I was the first to report that the Karma would weigh more than 5,000 pounds, which made it hard to achieve stellar performance targets. (It’s supposed to reach 60 mph in 5.9 seconds—in sport mode—and zoom on up to a top speed of 125 mph.)
The Karma has great green credentials, including 50 miles of battery-only range and very low 83-gram-per-kilometer carbon emissions. Some 403 horsepower (300 kilowatts) is on tap from two electric motors, which are fed by the 260-horsepower turbocharged generator.
What will happen with Fisker is anybody’s guess. The company was to have expanded its product line with a much cheaper ($46,500) family car code-named Nina, but the federal loan supporting that work was suspended. There were other woes causing at least a temporary production shutdown, including the bankruptcy of the company’s battery supplier, A123, a disastrous dock fire during Hurricane Sandy, and uncertain demand in the wake of bad publicity.
It’s a sign of the times that at the 2013 North American International Auto Show, industry veteran and legend Bob Lutz (former GM vice chairman and star of Revenge of the Electric Car) announced plans to build the VL Automotive Destino, a Fisker with its green drive-train removed and a hot Corvette motor in its place.
Toyota Prius Plug-In Hybrid
Here’s an affordable plug-in hybrid with curb appeal. Toyota’s enhanced Prius has beefed-up battery capacity, a plug, and 13 miles of all-electric cruising. I tried out the car, and it fit my lifestyle perfectly. Because I work at home, my modest daily mileage was within the car’s range. I rarely used its gas engine, and so achieved an on-paper 100 mpg or better as I cruised at up to 60 mph. As with most plug-in hybrids, this Prius’s performance depends heavily on how you drive it—this car loses most of its advantages on long highway commutes.
Toyota is funny about plug-in hybrids, building them despite the misgivings expressed by some of its own executives. The company’s former chief spokesperson, Irv Miller, told me, “The dog doesn’t hunt. We may be trying to change the world for a very small part of the market.” But despite that, the car hit the showrooms in early 2012 and is selling fairly well—Americans bought more than 12,000 of them last year. It was somewhat under the radar, but it’s selling better than the Nissan Leaf.

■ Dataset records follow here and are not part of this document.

(* Let $i\ge 3$ and $k\ge 3$ be integers. Then: (a) $g_3(F_i,F_{i+2},F_{i+k})=(4F_i-1)F_{i+2}-F_i$ whenever $k\ge i+3$; (b) $g_3(F_i,F_{i+2},F_{2i+2})=(F_i-1)F_{i+2}+F_{2i+2}-F_i$; (c) $g_3(F_i,F_{i+2},F_{2i+1})=(F_i+F_{i-2}-1)F_{i+2}+F_{2i+1}-F_i$; (d) $g_3(F_i,F_{i+2},F_{2i})=(F_i-1)F_{i+2}+2F_{2i}-F_i$; (e) $g_3(F_i,F_{i+2},F_{2i-1})=(F_{i-2}-1)F_{i+2}+3F_{2i-1}-F_i$ for $i\ge 4$; (f) $g_3(F_i,F_{i+2},F_{2i-2})=(F_{i-5}-1)F_{i+2}+5F_{2i-2}-F_i$ for $i\ge 6$, and $g_3(F_5,F_7,F_8)=F_7+4F_8-F_5=92$; (g) if $r=\lfloor (F_i-1)/F_k\rfloor\ge 3$ (equivalently $k\le i-3$), then $$g_3(F_i,F_{i+2},F_{i+k})=\begin{cases}(F_i-rF_k-1)F_{i+2}+(r+3)F_{i+k}-F_i & \text{if } (F_i-rF_k)F_{i+2}\ge F_{k-2}F_i,\\ (F_k-1)F_{i+2}+(r+2)F_{i+k}-F_i & \text{if } (F_i-rF_k)F_{i+2}< F_{k-2}F_i.\end{cases}$$
   Context: Fibonacci numbers: $F_0=0$, $F_1=1$, $F_n=F_{n-1}+F_{n-2}$. For positive integers $a_1,\dots,a_l$ with $\gcd(a_1,\dots,a_l)=1$ and an integer $n$, let $d(n;a_1,\dots,a_l)$ be the number of tuples $(x_1,\dots,x_l)$ of nonnegative integers with $a_1x_1+\dots+a_lx_l=n$. For a nonnegative integer $p$, the $p$-Frobenius number $g_p(a_1,\dots,a_l)$ is the largest integer $n$ with $d(n;a_1,\dots,a_l)\le p$. *)

theory Defs
  imports "HOL-Number_Theory.Fib"
begin

definition num_repr :: "int \<Rightarrow> nat list \<Rightarrow> nat" where
  "num_repr n as = card {xs :: nat list. length xs = length as \<and>
      int (\<Sum>j<length as. as ! j * xs ! j) = n}"

definition p_frobenius :: "nat \<Rightarrow> nat list \<Rightarrow> int" where
  "p_frobenius p as = (GREATEST n :: int. num_repr n as \<le> p)"

abbreviation F :: "nat \<Rightarrow> int" where
  "F n \<equiv> int (fib n)"

end

theory Submission
  imports Defs "HOL-Number_Theory.Cong"
begin
text \<open>Probability prob_simplex Delta_M (indices of type 'm, M = CARD('m)).\<close>
definition prob_simplex :: "(real^'m::finite) set" where
  "prob_simplex = {y. (\<forall>m. 0 \<le> y $ m) \<and> (\<Sum>m\<in>UNIV. y $ m) = 1}"

definition ghat :: "(real^'n^'N \<Rightarrow> 'th \<Rightarrow> real) \<Rightarrow> ('m::finite \<Rightarrow> 'th)
                    \<Rightarrow> (real^'n^'N) \<times> (real^'m) \<Rightarrow> real" where
  "ghat g th z = (\<Sum>m\<in>UNIV. snd z $ m * g (fst z) (th m))"

definition Fmap :: "('N \<Rightarrow> real^'n^'N \<Rightarrow> real) \<Rightarrow> (real^'n^'N \<Rightarrow> 'th \<Rightarrow> real)
                    \<Rightarrow> ('m::finite \<Rightarrow> 'th)
                    \<Rightarrow> (real^'n^'N) \<times> (real^'m) \<Rightarrow> (real^'n^'N) \<times> (real^'m)" where
  "Fmap f g th z =
     ((\<chi> i. grad (f i) (fst z) $ i + fst (grad (ghat g th) z) $ i),
      - snd (grad (ghat g th) z))"

end

theory Submission
  imports Defs
begin

text \<open>The inner product with \<open>F(u) - F(v)\<close> splits into the pseudo-gradient part of the
  \<open>f\<^sub>i\<close>, bounded below by \<open>\<chi>\<^sup>f \<parallel>x - x'\<parallel>\<^sup>2\<close>, and a saddle part coming from the convex-linear
  function \<open>\<hat>g\<close>. The saddle part is a combination, with the simplex weights \<open>y\<close> and \<open>y'\<close>,
  of the two first-order remainders \<open>g(x', \<theta>\<^sub>m) - g(x, \<theta>\<^sub>m) - \<nabla>g(x, \<theta>\<^sub>m)\<^sup>T(x' - x)\<close> and its
  mirror image; since \<open>\<nabla>g(\<cdot>, \<theta>)\<close> is \<open>\<chi>\<^sup>g\<close>-strongly monotone each remainder is at least
  \<open>\<chi>\<^sup>g/2 \<parallel>x - x'\<parallel>\<^sup>2\<close>, so the saddle part is at least \<open>\<chi>\<^sup>g \<parallel>x - x'\<parallel>\<^sup>2\<close> and the total is
  nonnegative because \<open>\<chi>\<^sup>f + \<chi>\<^sup>g \<ge> 0\<close>.\<close>

lemma inner_grad_eq_frechet_derivative:
  assumes "h differentiable (at z)"
  shows "grad h z \<bullet> w = frechet_derivative h (at z) w"
proof -
  have lin: "linear (frechet_derivative h (at z))"
    using assms frechet_derivative_works has_derivative_linear by blast
  have "frechet_derivative h (at z) w = frechet_derivative h (at z) (\<Sum>b\<in>Basis. (w \<bullet> b) *\<^sub>R b)"
    by (simp add: euclidean_representation)
  also have "\<dots> = (\<Sum>b\<in>Basis. (w \<bullet> b) * frechet_derivative h (at z) b)"
    by (simp add: linear_sum[OF lin] linear_scale[OF lin])
  also have "\<dots> = grad h z \<bullet> w"
    unfolding grad_def by (simp add: inner_sum_right inner_commute mult.commute)
  finally show ?thesis by simp
qed

lemma has_real_derivative_along_line:
  assumes "G differentiable (at (a + t *\<^sub>R d))"
  shows "((\<lambda>t. G (a + t *\<^sub>R d)) has_real_derivative grad G (a + t *\<^sub>R d) \<bullet> d) (at t)"
proof -
  let ?p = "a + t *\<^sub>R d"
  have line: "((\<lambda>t. a + t *\<^sub>R d) has_derivative (\<lambda>h. h *\<^sub>R d)) (at t)"
    by (auto intro!: derivative_eq_intros)
  have DG: "(G has_derivative frechet_derivative G (at ?p)) (at ?p)"
    using assms frechet_derivative_works by blast
  from has_derivative_compose[OF line DG]
  have chain: "((\<lambda>t. G (a + t *\<^sub>R d)) has_derivative (\<lambda>h. frechet_derivative G (at ?p) (h *\<^sub>R d))) (at t)" .
  have "frechet_derivative G (at ?p) (h *\<^sub>R d) = h * (grad G ?p \<bullet> d)" for h
    using linear_scale[OF has_derivative_linear[OF DG]] inner_grad_eq_frechet_derivative[OF assms]
    by simp
  with chain have "((\<lambda>t. G (a + t *\<^sub>R d)) has_derivative (\<lambda>h. h * (grad G ?p \<bullet> d))) (at t)"
    by simp
  then show ?thesis
    unfolding has_field_derivative_def
    by (rule has_derivative_eq_rhs) (simp add: fun_eq_iff mult.commute)
qed

lemma strongly_monotone_grad_first_order_bound:
  fixes G :: "'a::euclidean_space \<Rightarrow> real"
  assumes S: "convex S" and aS: "a \<in> S" and bS: "b \<in> S"
    and diff: "\<And>x. x \<in> S \<Longrightarrow> G differentiable (at x)"
    and mono: "\<And>u v. u \<in> S \<Longrightarrow> v \<in> S \<Longrightarrow> (u - v) \<bullet> (grad G u - grad G v) \<ge> c * (norm (u - v))\<^sup>2"
  shows "G b - G a - grad G a \<bullet> (b - a) \<ge> c/2 * (norm (b - a))\<^sup>2"
proof -
  define d where "d = b - a"
  \<comment> \<open>Strong monotonicity along the segment gives \<open>D \<xi> \<ge> D 0\<close>; the mean value theorem for
    \<open>\<psi>\<close>, whose quadratic correction integrates \<open>c t\<close> to \<open>c/2\<close>, turns this into the claim.\<close>
  define \<psi> where "\<psi> t = G (a + t *\<^sub>R d) - c/2 * t\<^sup>2 * (norm d)\<^sup>2" for t
  define D where "D t = grad G (a + t *\<^sub>R d) \<bullet> d - c * t * (norm d)\<^sup>2" for t
  have seg: "a + t *\<^sub>R d \<in> S" if "0 \<le> t" "t \<le> 1" for t
  proof -
    have "a + t *\<^sub>R d = (1 - t) *\<^sub>R a + t *\<^sub>R b" by (simp add: d_def algebra_simps)
    then show ?thesis using convexD[OF S aS bS, of "1 - t" t] that by simp
  qed
  have "(\<psi> has_real_derivative D t) (at t)" if "0 \<le> t" "t \<le> 1" for t
    unfolding \<psi>_def D_def
    by (rule derivative_eq_intros has_real_derivative_along_line diff seg that refl)+
       (simp add: power2_eq_square)
  then obtain \<xi> where \<xi>: "0 < \<xi>" "\<xi> < 1" and mv: "\<psi> 1 - \<psi> 0 = D \<xi>"
    using MVT2[of 0 1 \<psi> D] by auto
  have "c * (norm (\<xi> *\<^sub>R d))\<^sup>2 \<le> (\<xi> *\<^sub>R d) \<bullet> (grad G (a + \<xi> *\<^sub>R d) - grad G a)"
    using mono[OF seg aS, of \<xi>] \<xi> by simp
  then have "\<xi> * (c * \<xi> * (norm d)\<^sup>2) \<le> \<xi> * (d \<bullet> (grad G (a + \<xi> *\<^sub>R d) - grad G a))"
    using \<xi> by (simp add: power2_eq_square algebra_simps)
  then have "c * \<xi> * (norm d)\<^sup>2 \<le> d \<bullet> (grad G (a + \<xi> *\<^sub>R d) - grad G a)"
    using \<xi> by simp
  then have "grad G a \<bullet> d \<le> D \<xi>"
    unfolding D_def by (simp add: inner_diff_right inner_commute)
  with mv show ?thesis
    unfolding \<psi>_def d_def by simp
qed

lemma inner_grad_ghat:
  fixes g :: "real^'n::finite^'N::finite \<Rightarrow> 'th \<Rightarrow> real" and th :: "'m::finite \<Rightarrow> 'th"
  assumes dm: "\<And>m. (\<lambda>x. g x (th m)) differentiable (at (fst z))"
  shows "grad (ghat g th) z \<bullet> (p, q) =
    (\<Sum>m\<in>UNIV. snd z $ m * (grad (\<lambda>x. g x (th m)) (fst z) \<bullet> p) + q $ m * g (fst z) (th m))"
proof -
  let ?Dg = "\<lambda>m. frechet_derivative (\<lambda>x. g x (th m)) (at (fst z))"
  have gm: "((\<lambda>w. g (fst w) (th m)) has_derivative (\<lambda>w. ?Dg m (fst w))) (at z)" for m
    using has_derivative_compose[OF has_derivative_fst[OF has_derivative_ident]
        dm[of m, unfolded frechet_derivative_works]] by simp
  have sm: "((\<lambda>w. snd w $ m) has_derivative (\<lambda>w. snd w $ m)) (at z)" for m
    by (intro bounded_linear_imp_has_derivative
        bounded_linear_compose[OF bounded_linear_vec_nth bounded_linear_snd])
  have D: "(ghat g th has_derivative
     (\<lambda>w. \<Sum>m\<in>UNIV. snd z $ m * ?Dg m (fst w) + snd w $ m * g (fst z) (th m))) (at z)"
    unfolding ghat_def
    by (rule has_derivative_sum) (use has_derivative_mult[OF sm gm] in \<open>simp add: mult.commute\<close>)
  have "grad (ghat g th) z \<bullet> (p, q) = frechet_derivative (ghat g th) (at z) (p, q)"
    using inner_grad_eq_frechet_derivative D differentiableI by blast
  also have "\<dots> = (\<Sum>m\<in>UNIV. snd z $ m * ?Dg m p + q $ m * g (fst z) (th m))"
    unfolding frechet_derivative_at[OF D, symmetric] by simp
  finally show ?thesis
    using inner_grad_eq_frechet_derivative[OF dm] by simp
qed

The great thing about this battery-enhanced car is that when you run out of electricity it simply reverts to being a standard Prius, which is not a bad thing. But a standard Prius costs $21,000, so is the improved EV cruising range worth approximately $14,000? It would certainly take a lot of short hops to pay down the price premium, but the plug-in hybrid enjoys greener-than-thou bragging rights.
Detroit managed only one significant electrified introduction this year, the Cadillac ELR, and even that was promoted more as a luxury vehicle than a chariot for the eco-minded. But it was easy to see how automakers have effectively absorbed the green lessons. Presenting such rip-roaring performance cars as the Corvette Stingray and Jeep Grand Cherokee SRT, automakers stressed fuel economy (accomplished through cylinder deactivation, light-weighting, and fuel-saving transmission adjustments). That 470-horsepower Jeep even has an “eco” button.
The entire industry is facing a 2025 deadline to deliver fleet averages of 54.5 mpg in compliance with the federal government’s Corporate Average Fuel Economy (CAFE) rules, and that means even the strong-selling gas guzzlers have to be reformed. In 2013 few automakers can ignore the need to go green, because that’s clearly where the market is headed amid federal regulation and international concern about climate change.